DeNA・深沢鳳介が振り返る中学軟式名門と恩師・西尾弘幸監督との思い出
今年4月30日、中学軟式野球の名将が亡くなった。東京・江戸川区立上一色中の野球部を“Y字型の狭い校庭”で全国大会常連に育て上げ、2022年には“中学生の甲子園”「全日本少年軟式野球大会」で念願の全国優勝を果たした西尾弘幸さんだ。中学時代に西尾さんの薫陶を受け、現在21歳でDeNAの若手成長株右腕として期待されている深沢鳳介投手に、名将の教えの一端を聞いた。
深沢は千葉・専大松戸高3年の時に甲子園春夏連続出場を果たし、特に夏の1回戦では強豪の大分・明豊高を9回11奪三振完封。最速144キロのストレートと変化球をコーナーに決める精密な制球力が注目を浴び、2021年ドラフト5位でDeNAに入団した。
「西尾先生がいなかったら、僕はピッチャーをやっていないと思いますし、甲子園に出ることも、プロに入ることもできなかったかもしれません」。深沢はこう亡き恩師に思いを馳せる。というのも、小1から東京・江戸川区の軟式チームで野球を始めたが、中学入学時は内野手で主に二塁を守っていた。打撃投手役を務める時のコントロールの良さが西尾さんの目に留まり、2年生の秋から投手に転向した。
「内野手として横からボールを投げていたこともあって、最初からサイドスロー気味で投げました。手首が寝てしまう癖があって、西尾先生から『腕の振りは横であっても、手首は立てなさい。真横の回転のボールは垂れてしまうが、しっかり上から叩けば、浮き上がるような、打者の嫌がる球になるから』とアドバイスされました」
上一色中の選手たちが練習する校庭は、センター方向に体育館が張り出したY字型で手狭。しかも、当時は他の部活動と共用で、野球部だけで存分に練習できるのは週に1度だけだった。「野球部だけで使える日には、ノックをすることができましたが、中堅手は右中間へズレなければなりませんでした」と深沢は苦笑まじりに振り返る。

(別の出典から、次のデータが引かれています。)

section \<open>The De Morgan laws in the sequent calculus\<close>

lemma Seq_mp:
  assumes "cwf R" "Seq R \<Gamma> A w" "Seq R \<Gamma> (Neg A) w"
  shows "Seq R \<Gamma> Bot w"
proof -
  note Qw = ignores_hyps_at_Seq[OF assms(1), of w]
  have "seq_at R (strat_beyond R seq_at w) w ((A, w) # \<Gamma>) Bot"
    using assms(3) unfolding Seq_unfold[OF assms(1)] Neg_def by (rule seq_at_imp_inversion[OF Qw])
  with assms(2) show ?thesis
    unfolding Seq_unfold[OF assms(1)] by (rule seq_at_cut[OF Qw])
qed

lemma Seq_dia_box_inconsistent:
  assumes "cwf R" "(Dia B, w) \<in> set \<Gamma>" "(Box C, w) \<in> set \<Gamma>"
    and clash: "\<And>u. R w u \<Longrightarrow> Seq R \<Gamma> B u \<Longrightarrow> Seq R \<Gamma> C u \<Longrightarrow> False"
  shows "Seq R \<Gamma> Bot w"
  unfolding Seq_unfold[OF assms(1)]
proof (rule seq_at.diaL[OF assms(2)], intro allI HOL.impI)
  fix u
  assume "R w u" "strat_beyond R seq_at w \<Gamma> B u"
  then show "seq_at R (strat_beyond R seq_at w) w \<Gamma> Bot"
    using clash by (intro seq_at.boxL[OF assms(3)]) (auto simp: Seq_def)
qed

lemma Seq_impR: "cwf R \<Longrightarrow> Seq R ((A, w) # \<Gamma>) B w \<Longrightarrow> Seq R \<Gamma> (Imp A B) w"
  by (simp add: Seq_unfold seq_at.impR)

lemma Seq_dia_neg_imp_neg_box:
  assumes "cwf R" "\<And>u. R w u \<Longrightarrow> \<not> Seq R \<Gamma> Bot u"
  shows "Seq R \<Gamma> (Imp (Dia (Neg A)) (Neg (Box A))) w"
proof -
  have "Seq R ((Box A, w) # (Dia (Neg A), w) # \<Gamma>) Bot w"
    by (rule Seq_dia_box_inconsistent[OF assms(1), where B = "Neg A" and C = A])
      (use assms(2) Seq_mp[OF assms(1)] in \<open>auto simp: Seq_Cons_pred_iff[OF assms(1)]\<close>)
  then show ?thesis
    unfolding Neg_def[of "Box A"] using assms(1) by (intro Seq_impR)
qed

lemma Seq_box_neg_imp_neg_dia:
  assumes "cwf R" "\<And>u. R w u \<Longrightarrow> \<not> Seq R \<Gamma> Bot u"
  shows "Seq R \<Gamma> (Imp (Box (Neg A)) (Neg (Dia A))) w"
proof -
  have "Seq R ((Dia A, w) # (Box (Neg A), w) # \<Gamma>) Bot w"
    by (rule Seq_dia_box_inconsistent[OF assms(1), where B = A and C = "Neg A"])
      (use assms(2) Seq_mp[OF assms(1)] in \<open>auto simp: Seq_Cons_pred_iff[OF assms(1)]\<close>)
  then show ?thesis
    unfolding Neg_def[of "Dia A"] using assms(1) by (intro Seq_impR)
qed

section \<open>A two-world countermodel\<close>

fun eval :: "('a fm \<Rightarrow> bool) \<Rightarrow> 'a fm \<Rightarrow> bool" where
  "eval I Bot = False"
| "eval I (Imp A B) = (eval I A \<longrightarrow> eval I B)"
| "eval I X = I X"

lemma eval_Neg [simp]: "eval I (Neg A) = (\<not> eval I A)"
  by (simp add: Neg_def)

lemma CPL_dead_end_sound:
  assumes "cwf R" "\<And>u. \<not> R w u" "\<And>A. \<not> I (Dia A)" "\<And>A. I (Box A)"
    and "CPL R \<Gamma> X w" "\<forall>Y. (Y, w) \<in> set \<Gamma> \<longrightarrow> eval I Y"
  shows "eval I X"
proof -
  have "cpl_at R Q w \<Gamma> X \<Longrightarrow> \<forall>Y. (Y, w) \<in> set \<Gamma> \<longrightarrow> eval I Y \<Longrightarrow> eval I X" for Q \<Gamma> X
    by (induction rule: cpl_at.induct) (use assms(2-4) in auto)
  with assms(5,6) show ?thesis
    unfolding CPL_unfold[OF assms(1)] by blast
qed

手狭な校庭にネットを張り巡らせてつくった打撃スペース

狭い校庭を最大限に活用するため、西尾さんはネットを張り巡らせ、7か所の打撃スペースをつくった。マシン打撃をするスペース、打撃投手役の選手がスローボールを投げるスペース、そしてエース級の投手が実戦さながらに打ち取るつもりで投げてくる球を打つスペースなど、それぞれ目的が違っていた。
深沢は「僕は中学時代、ピッチャーとして特別な練習をした印象がありません。ただ、毎日実戦形式のスペースでバッターと対戦し、打たれた時にはなぜ打たれたのか、次の日にはどうやったら抑えられるかを考えながら、力をつけていきました」と回顧する。“実戦”に勝る練習はないのかもしれない。
独特の校庭活用法で、上一色中は毎年のように強力打線をつくり上げた。深沢は「実戦形式も有効でしたが、それ以上に、あまり速い球は打たず、60キロとか80キロの遅いボールを繰り返し打っていた印象が強いです。西尾先生が『まず遅い球をしっかり打てるようにならないと、速い球には対応できない』とおっしゃっていました」と語る。
深沢は中3年の夏、エースとして広島県で行われた全国中学校軟式野球大会(全中)に出場し、準決勝に進出したが、宮城・仙台育英秀光中に0-2で惜敗した。現在早大のエースを務め、今秋ドラフト上位指名候補にも挙がる伊藤樹投手との投げ合いに敗れた。「練習試合では勝ったり負けたり、引き分けたりした相手でした。彼は当時から球が速くてスライダーの切れ味も鋭い、凄いピッチャーでしたが、僕は今でもライバルだと思っています。負けないようにしたいです」。“宿敵”が同じプロの世界に入ってくるのを心待ちにしている。
昨年は春季キャンプから順調にアピールし、1軍の開幕ローテ候補に挙がっていたが、2月下旬のオープン戦で右肘を痛め、トミー・ジョン手術を受けることに。それでも、西尾さんからは「若いうちでよかった。鍛えれば筋力は戻るし、自分のピッチングをしていけば大丈夫だ」と励まされたという。
今年6月12日、イースタン・リーグのロッテ戦にリリーフで約1年3か月ぶりの実戦登板を果たし、1回2安打2失点(自責点1)。MAX141キロを計測し、ロッテのドラフト1位ルーキー・西川史礁外野手を外角のスライダーで空振り三振に仕留めるシーンもあった。
「状態はだんだん上がってきていて、今は凄くいい状態です」と口元を綻ばせる。天国の恩師に、1日でも早く1軍デビューの晴れ姿を見せたい。